■ TO DO
From the data below, retype exactly the lines starting with the one that contains "using K(3) lattice_width_polar_body_voronoi_cell_ge_4" and ending with the one that contains "(* Let $P$ be", both included.

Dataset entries

┄┄┄┄┄┄┄┄┄┄

lemma lattice_width_subset_polar_body_lt_4:
  assumes K: "convex_body K" "K \<subseteq> polar_body (voronoi_cell L)"
    and a: "strict_voronoi_relevant L a" "polar_vertex a \<notin> K"
  shows "lattice_width (dual_lattice L) K < 4"
proof -
  have "compact K" "K \<noteq> {}"
    using K(1) unfolding convex_body_def by auto
  define f where "f p = a \<bullet> (fst p - snd p)" for p :: "'a \<times> 'a"
  have "continuous_on (K \<times> K) f"
    unfolding f_def by (intro continuous_intros)
  moreover have "K \<times> K \<noteq> {}"
    using \<open>K \<noteq> {}\<close> by simp
  ultimately obtain r where r: "r \<in> K \<times> K" "\<And>r'. r' \<in> K \<times> K \<Longrightarrow> f r' \<le> f r"
    using continuous_attains_sup[OF compact_Times[OF \<open>compact K\<close> \<open>compact K\<close>]] by blast
  then obtain p q where pq: "p \<in> K" "q \<in> K" "\<And>r'. r' \<in> K \<times> K \<Longrightarrow> f r' \<le> f (p, q)"
    by (cases r) auto
  have "p \<in> polar_body (voronoi_cell L)" "q \<in> polar_body (voronoi_cell L)"
    using K(2) pq(1,2) by auto
  then have "p \<bullet> a \<noteq> 2" "\<bar>p \<bullet> a\<bar> \<le> 2" "\<bar>q \<bullet> a\<bar> \<le> 2"
    using polar_body_voronoi_cell_inner_eq_2_imp[OF a(1)] abs_inner_polar_body_voronoi_cell_le[OF a(1)]
      pq(1) a(2) by auto
  then have "p \<bullet> a < 2" "- (q \<bullet> a) \<le> 2"
    by (simp_all add: abs_le_iff)
  then have "f (p, q) < 4"
    unfolding f_def by (simp add: inner_diff_right inner_commute)
  moreover have "(SUP r\<in>K \<times> K. f r) = f (p, q)"
    using pq by (intro cSup_eq_maximum) auto
  moreover have "bdd_below ((\<lambda>y. SUP r\<in>K \<times> K. y \<bullet> (fst r - snd r)) ` (L - {0}))"
  proof (rule bdd_belowI2[of _ 0])
    fix y
    show "0 \<le> (SUP r\<in>K \<times> K. y \<bullet> (fst r - snd r))"
      using cSUP_upper2[OF bdd_above_inner_diff[OF compact_imp_bounded[OF \<open>compact K\<close>]], of "(p, p)" 0 y]
        pq(1) by simp
  qed
  then have "lattice_width (dual_lattice L) K \<le> (SUP r\<in>K \<times> K. f r)"
    using a(1) unfolding lattice_width_def dual_lattice_dual_lattice f_def strict_voronoi_relevant_def
    by (intro cINF_lower) auto
  ultimately show ?thesis by linarith
qed

lemma lattice_reduced_polar_body_voronoi_cell:
  "lattice_reduced (dual_lattice L) (polar_body (voronoi_cell L))"
  unfolding lattice_reduced_def
proof (intro conjI notI convex_body_polar_body_voronoi_cell)
  let ?P = "polar_body (voronoi_cell L)"
  assume "\<exists>K. convex_body K \<and> K \<subset> ?P \<and> lattice_width (dual_lattice L) K = lattice_width (dual_lattice L) ?P"
  then obtain K where K: "convex_body K" "K \<subset> ?P"
    "lattice_width (dual_lattice L) K = lattice_width (dual_lattice L) ?P"
    by blast
  have "\<not> {x. x extreme_point_of ?P} \<subseteq> K"
  proof
    assume "{x. x extreme_point_of ?P} \<subseteq> K"
    then have "convex hull {x. x extreme_point_of ?P} \<subseteq> K"
      using K(1) unfolding convex_body_def by (intro hull_minimal) auto
    then show False
      using K(2) convex_body_polar_body_voronoi_cell Krein_Milman_Minkowski
      unfolding convex_body_def by auto
  qed
  then obtain e where e: "e extreme_point_of ?P" "e \<notin> K"
    by blast
  then obtain a where "strict_voronoi_relevant L a" "e = polar_vertex a"
    using extreme_point_polar_body_voronoi_cell by metis
  then have "lattice_width (dual_lattice L) K < 4"
    using lattice_width_subset_polar_body_lt_4 K(1,2) e(2) by blast
  then show False
    using K(3) lattice_width_polar_body_voronoi_cell_ge_4 by linarith
qed
(* Let $P$ be a finite Eulerian poset, i.e. a graded poset with unique minimum $\hat{0}$ and unique maximum $\hat{1}$ whose Möbius function satisfies $\mu(x,y)=(-1)^{\operatorname{rk}(y)-\operatorname{rk}(x)}$ for all $x\le y$, endowed with its rank function $\operatorname{rk}$, and let $n=\operatorname{rk}(\hat{1})$. Write $\mathsf{Z}=\mathsf{Z}_{P,\operatorname{rk}}$ and let $\mathsf{Z}|_{q=1/q}$ denote the polynomial obtained from $\mathsf{Z}$ by replacing $q$ by $1/q$ in its coefficients. Then $$\mathsf{Z}(x)=(-q)^{-n}\,\mathsf{Z}|_{q=1/q}(-qx).$$
   Context: $q$ is an indeterminate; for $n\in\mathbb{Z}$, $[n]_q=(q^n-1)/(q-1)$. For a finite poset $P$, a height function is a map $h:P\to\mathbb{N}$ with $h(x)<h(y)$ whenever $y$ covers $x$. For a graded poset, $\operatorname{rk}$ denotes the height function increasing by exactly $1$ along every cover relation with minimum value $0$ on each connected component. For $k\ge1$, $\operatorname{Ch}_k(P)$ is the set of strict chains $c_1<\cdots<c_k$ in $P$. For a tuple $a=(a_1,\dots,a_k)$ of distinct nonnegative integers, $\mathsf{E}_a\in\mathbb{Q}(q)[x]$ is the unique polynomial with $\mathsf{E}_a([n]_q)=\sum_{m\in\mathbb{N}^k,\ \sum m_i=n}q^{\sum a_im_i}$ for all $n\ge0$. The $q$-Zeta polynomial of $(P,h)$ is $\mathsf{Z}_{P,h}(x)=\sum_{k\ge1}\sum_{c\in\operatorname{Ch}_k(P)}q^{\sum_i h(c_i)}\,\mathsf{E}_{(h(c_1),\dots,h(c_k))}\big((x-[k+1]_q)/q^{k+1}\big)\in\mathbb{Q}(q)[x]$; it is the unique polynomial with $\mathsf{Z}_{P,h}([m]_q)=\sum_{e_1\le\cdots\le e_{m-1}\text{ in }P}q^{h(e_1)+\cdots+h(e_{m-1})}$ for all integers $m\ge2$. *)

theory Defs
  imports "HOL-Computational_Algebra.Polynomial" "HOL-Computational_Algebra.Fraction_Field"
begin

┄┄┄┄┄┄┄┄┄┄

■ TASK RESPONSE
    using K(3) lattice_width_polar_body_voronoi_cell_ge_4 by linarith
qed
(* Let $P$ be a finite Eulerian poset, i.e. a graded poset with unique minimum $\hat{0}$ and unique maximum $\hat{1}$ whose Möbius function satisfies $\mu(x,y)=(-1)^{\operatorname{rk}(y)-\operatorname{rk}(x)}$ for all $x\le y$, endowed with its rank function $\operatorname{rk}$, and let $n=\operatorname{rk}(\hat{1})$. Write $\mathsf{Z}=\mathsf{Z}_{P,\operatorname{rk}}$ and let $\mathsf{Z}|_{q=1/q}$ denote the polynomial obtained from $\mathsf{Z}$ by replacing $q$ by $1/q$ in its coefficients. Then $$\mathsf{Z}(x)=(-q)^{-n}\,\mathsf{Z}|_{q=1/q}(-qx).$$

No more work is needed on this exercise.